Once you have done the above, you need to start measuring the specifics. What resource will hit its capacity first?
For example, if the webserver is running at or near capacity while the database server sits mostly idle, it makes no sense to switch databases or to implement replication etc.
If the webserver sits mostly idle while the dbms chugs away constantly, it makes no sense to look into switching to a cluster of load-balanced webservers.
Take care of the simple things first.
If the dbms is the likely bottle-neck, make sure your database has the right indexes so that it gets fast access times during lookup and doesn't waste unnecessary time during updates. Make sure the dbms logs to a different physical medium from the tables themselves. Make sure the application isn't issuing any wasteful queries etc. Make sure you do not run any expensive analytical queries against your transactional database.
If the webserver is the likely bottle-neck, profile it to see where it spends most of its time and reduce the work by changing your application or implementing new caching strategies etc. Make sure you are not doing anything that will prevent you from moving from a single server to multiple servers with a load balancer.
If you have taken care of the above, you will be much better prepared for making the move to multiple webservers or database servers. You will be much better informed for deciding whether to scale your database with replication or to switch to a completely different data model etc.

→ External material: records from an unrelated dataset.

lemma ZR_eq_sum_ch:
  fixes A :: "('a^'n::finite) set"
  shows "of_nat CARD('a) * of_nat (ZR A) = (\<Sum>s\<in>UNIV. \<Sum>x\<in>A. \<Sum>y\<in>A. ch (s * fq_norm (x - y)))"
proof -
  have "ZR A = card {p \<in> A \<times> A. fq_norm (fst p - snd p) = 0}"
    unfolding ZR_def by (rule arg_cong[where f = card]) auto
  then have "of_nat (ZR A) = (\<Sum>p\<in>A \<times> A. if fq_norm (fst p - snd p) = 0 then 1 else (0::complex))"
    by (simp add: sum.inter_filter[symmetric])
  also have "\<dots> = (\<Sum>x\<in>A. \<Sum>y\<in>A. if fq_norm (x - y) = 0 then 1 else 0)"
    by (simp add: sum.cartesian_product case_prod_beta)
  also have "of_nat CARD('a) * \<dots> = (\<Sum>x\<in>A. \<Sum>y\<in>A. \<Sum>s\<in>UNIV. ch (fq_norm (x - y) * s))"
    unfolding sum_distrib_left by (intro sum.cong refl) (simp add: sum_ch_mult)
  also have "\<dots> = (\<Sum>x\<in>A. \<Sum>s\<in>UNIV. \<Sum>y\<in>A. ch (s * fq_norm (x - y)))"
    by (simp add: mult.commute sum.swap[of _ UNIV A])
  also have "\<dots> = (\<Sum>s\<in>UNIV. \<Sum>x\<in>A. \<Sum>y\<in>A. ch (s * fq_norm (x - y)))"
    by (rule sum.swap)
  finally show ?thesis .
qed

end

section \<open>Gauss sums and the zero-distance count\<close>

locale odd_add_char = add_char ch for ch :: "'a::{field,finite} \<Rightarrow> complex" +
  assumes two_neq_zero: "(2::'a) \<noteq> 0"
begin

lemma of_int_qchar_mult:
  fixes x y :: 'a
  shows "(of_int (qchar (x * y)) :: complex) = of_int (qchar x) * of_int (qchar y)"
  by (simp add: qchar_mult[OF two_neq_zero])

lemma of_int_qchar_divide:
  fixes x y :: 'a
  shows "(of_int (qchar (x / y)) :: complex) = of_int (qchar x) * of_int (qchar y)"
  by (simp add: divide_inverse of_int_qchar_mult qchar_inverse)

lemma of_int_qchar_square_eq_1: "(x::'a) \<noteq> 0 \<Longrightarrow> (of_int (qchar x) :: complex) ^ 2 = 1"
  by (simp add: qchar_def)

lemma of_int_qchar_power_odd:
  assumes "(x::'a) \<noteq> 0" and "odd k"
  shows "(of_int (qchar x) :: complex) ^ k = of_int (qchar x)"
proof -
  obtain j where "k = 2 * j + 1"
    using assms(2) by (elim oddE)
  then have "(of_int (qchar x) :: complex) ^ k = ((of_int (qchar x)) ^ 2) ^ j * of_int (qchar x)"
    by (simp only: power_mult power_add power_one_right)
  then show ?thesis
    by (simp only: of_int_qchar_square_eq_1[OF assms(1)] power_one mult_1_left)
qed

definition gauss_sum :: complex where
  "gauss_sum = (\<Sum>t\<in>UNIV. of_int (qchar t) * ch t)"

lemma sum_qchar_mult_ch_mult:
  "(\<Sum>t\<in>UNIV. of_int (qchar t) * ch (s * t)) = of_int (qchar s) * gauss_sum"
proof (cases "s = 0")
  case True
  then show ?thesis
    using sum_qchar[OF two_neq_zero] by (simp flip: of_int_sum)
next
  case False
  have "(\<Sum>t\<in>UNIV. of_int (qchar t) * ch (s * t)) = (\<Sum>u\<in>UNIV. of_int (qchar (u / s)) * ch u)"
    by (rule sum.reindex_bij_witness[of _ "\<lambda>u. u / s" "\<lambda>t. s * t"]) (use False in auto)
  also have "\<dots> = of_int (qchar s) * gauss_sum"
    by (simp add: of_int_qchar_divide gauss_sum_def sum_distrib_left mult_ac)
  finally show ?thesis .
qed

lemma sum_ch_mult_square:
  assumes "s \<noteq> 0"
  shows "(\<Sum>z\<in>UNIV. ch (s * z ^ 2)) = of_int (qchar s) * gauss_sum"
proof -
  have "(\<Sum>z\<in>UNIV. ch (s * z ^ 2)) = (\<Sum>t\<in>UNIV. \<Sum>z\<in>{z \<in> UNIV. z ^ 2 = t}. ch (s * z ^ 2))"
    by (rule sum.group[symmetric]) auto
  also have "\<dots> = (\<Sum>t\<in>UNIV. of_nat (card {z. z ^ 2 = t}) * ch (s * t))"
    by (intro sum.cong refl) simp
  also have "\<dots> = (\<Sum>t\<in>UNIV. of_int (1 + qchar t) * ch (s * t))"
    by (intro sum.cong refl) (metis card_square_roots[OF two_neq_zero] of_int_of_nat_eq)
  also have "\<dots> = (\<Sum>t\<in>UNIV. ch (s * t)) + (\<Sum>t\<in>UNIV. of_int (qchar t) * ch (s * t))"
    by (simp add: distrib_right sum.distrib)
  also have "\<dots> = of_int (qchar s) * gauss_sum"
    using assms by (simp add: sum_ch_mult sum_qchar_mult_ch_mult)
  finally show ?thesis .
qed

lemma sum_ch_quadratic:
  assumes s: "s \<noteq> 0"
  shows "(\<Sum>z\<in>UNIV. ch (s * z ^ 2 + b * z)) = ch (- (b ^ 2 / (4 * s))) * of_int (qchar s) * gauss_sum"
proof -
  define c where "c = b / (2 * s)"
  have "4 * s = (2 * s) * 2" and "2 * s \<noteq> 0"
    using s two_neq_zero by simp_all
  then have "b ^ 2 / (4 * s) = s * c ^ 2"
    by (simp add: c_def power2_eq_square field_simps)
  moreover have "b = 2 * s * c"
    using \<open>2 * s \<noteq> 0\<close> by (simp add: c_def)
  ultimately have square: "s * (w - c) ^ 2 + b * (w - c) = s * w ^ 2 + - (b ^ 2 / (4 * s))" for w
    by (simp add: algebra_simps power2_eq_square)
  have "(\<Sum>z\<in>UNIV. ch (s * z ^ 2 + b * z)) = (\<Sum>w\<in>UNIV. ch (s * (w - c) ^ 2 + b * (w - c)))"
    by (rule sum.reindex_bij_witness[of _ "\<lambda>w. w - c" "\<lambda>z. z + c"]) auto
  also have "\<dots> = (\<Sum>w\<in>UNIV. ch (s * w ^ 2) * ch (- (b ^ 2 / (4 * s))))"
    by (simp only: square ch_add)
  finally show ?thesis
    using sum_ch_mult_square[OF s] by (simp add: sum_distrib_right[symmetric] mult_ac)
qed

1) First thing - measure how many requests per second can serve you most-visited pages. For well-written PHP sites on average hardware it must be in 200-400 requests per second range. If you are not there - you have to optimize the code by reducing number of database requests, caching rarely changed data in memcached/shared memory, using PHP accelerator. If you are at some 10-20 requests per second, you need to get rid of your bulky framework.
2) Second - if you are still on Apache2, you have to switch to lighthttpd or nginx+apache2. Personally, I like the second option.
3) Then you move all your static data to separate server or CDN. Make sure it is served with "expires" headers, at least 24 hours.
4) Only after all these things you might start thinking about going to EC2/Hadoop, build multiple servers and balancing the load (nginx would also help you there)
After steps 1-3 you should be able to serve some 10'000'000 hits per day easily.
If you need just 1.5-3 times more, I would go for single more powerfull server (8-16 cores, lots of RAM for caching & database).
With step 4 and multiple servers you are on your way to 0.1-1billion hits per day (but for significantly larger hardware & support expenses).
Find out where issues are happening (or are likely to happen if you don't have them now). Knowing what is your biggest resource usage is important when evaluating any solution. Stick to solutions that will give you the biggest improvement.
Consider:
- higher than needed bandwidth use x user is something you want to address regardless of moving to ec2. It will cost you money either way, so its worth a shot at looking at things like this: http://developer.yahoo.com/yslow/
- don't invest into changing databases if that's a non issue. Find out first if that's really the problem, and even if you are having issues with the database it might be a code issue i.e. hitting the database lots of times per request.
- unless we are talking about v. big numbers, you shouldn't have high cpu usage issues, if you do find out where they are happening / optimization is worth it where specific code has a high impact in your overall resource usage.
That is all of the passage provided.